What to work on: Scan the material and copy out each line where the word "using" occurs.

Source material:
lemma binomial_series_abs_partial_sums_bounded:
  fixes a :: real
  obtains C where "\<And>s N. 0 \<le> s \<Longrightarrow> s < 1 \<Longrightarrow> (\<Sum>k<N. \<bar>(a gchoose k) * (- s) ^ k\<bar>) \<le> (1 - s) powr a + C"
proof -
  define e where "e k = (a gchoose k) * (-1) ^ k" for k
  obtain m where m: "(\<forall>k\<ge>m. 0 \<le> e k) \<or> (\<forall>k\<ge>m. e k \<le> 0)"
    unfolding e_def by (rule gbinomial_alternating_eventually_sign)
  have "(\<Sum>k<N. \<bar>(a gchoose k) * (- s) ^ k\<bar>) \<le> (1 - s) powr a + 2 * (\<Sum>k<m. \<bar>e k\<bar>)"
    if s: "0 \<le> s" "s < 1" for s N
  proof -
    define f where "f k = e k * s ^ k" for k
    have f_eq: "f k = (a gchoose k) * (- s) ^ k" for k
      unfolding f_def e_def power_minus[of s] by (simp add: mult.assoc)
    have f_sums: "f sums (1 - s) powr a"
      using gen_binomial_real[of "- s" a] s unfolding f_eq by simp
    have "(\<Sum>k<N. \<bar>f k\<bar>) \<le> (1 - s) powr a + 2 * (\<Sum>k<m. \<bar>f k\<bar>)"
      using m
    proof
      assume "\<forall>k\<ge>m. 0 \<le> e k"
      then show ?thesis
        using s by (intro sum_abs_le_if_sums_eventually_nonneg[OF f_sums]) (simp add: f_def)
    next
      assume "\<forall>k\<ge>m. e k \<le> 0"
      then have "\<forall>k\<ge>m. 0 \<le> - f k"
        using s by (simp add: f_def mult_nonpos_nonneg)
      then have "(\<Sum>k<N. \<bar>- f k\<bar>) \<le> - ((1 - s) powr a) + 2 * (\<Sum>k<m. \<bar>- f k\<bar>)"
        by (intro sum_abs_le_if_sums_eventually_nonneg sums_minus f_sums)
      moreover have "- ((1 - s) powr a) \<le> (1 - s) powr a"
        by simp
      ultimately show ?thesis
        unfolding abs_minus_cancel by linarith
    qed
    also have "(\<Sum>k<m. \<bar>f k\<bar>) \<le> (\<Sum>k<m. \<bar>e k\<bar>)"
      using s by (intro sum_mono) (simp add: f_def abs_mult power_le_one mult_left_le)
    finally show ?thesis
      by (simp add: f_eq)
  qed
  then show ?thesis
    using that by blast
qed

lemma sums_integral_dominated:
  fixes u :: "nat \<Rightarrow> 'a::euclidean_space \<Rightarrow> real"
  assumes "\<And>k. u k integrable_on S" and "h integrable_on S"
    and "\<And>N x. x \<in> S \<Longrightarrow> \<bar>\<Sum>k<N. u k x\<bar> \<le> h x"
    and "\<And>x. x \<in> S \<Longrightarrow> (\<lambda>k. u k x) sums g x"
  shows "(\<lambda>k. integral S (u k)) sums integral S g"
proof -
  have "(\<lambda>N. integral S (\<lambda>x. \<Sum>k<N. u k x)) \<longlonglongrightarrow> integral S g"
    using assms by (intro dominated_convergence(2) integrable_sum) (auto simp: sums_def)
  then show ?thesis
    unfolding sums_def by (simp add: integral_sum assms(1))
qed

Output of the task:
      using gen_binomial_real[of "- s" a] s unfolding f_eq by simp
      using m
        using s by (intro sum_abs_le_if_sums_eventually_nonneg[OF f_sums]) (simp add: f_def)
        using s by (simp add: f_def mult_nonpos_nonneg)
      using s by (intro sum_mono) (simp add: f_def abs_mult power_le_one mult_left_le)
    using that by blast
    using assms by (intro dominated_convergence(2) integrable_sum) (auto simp: sums_def)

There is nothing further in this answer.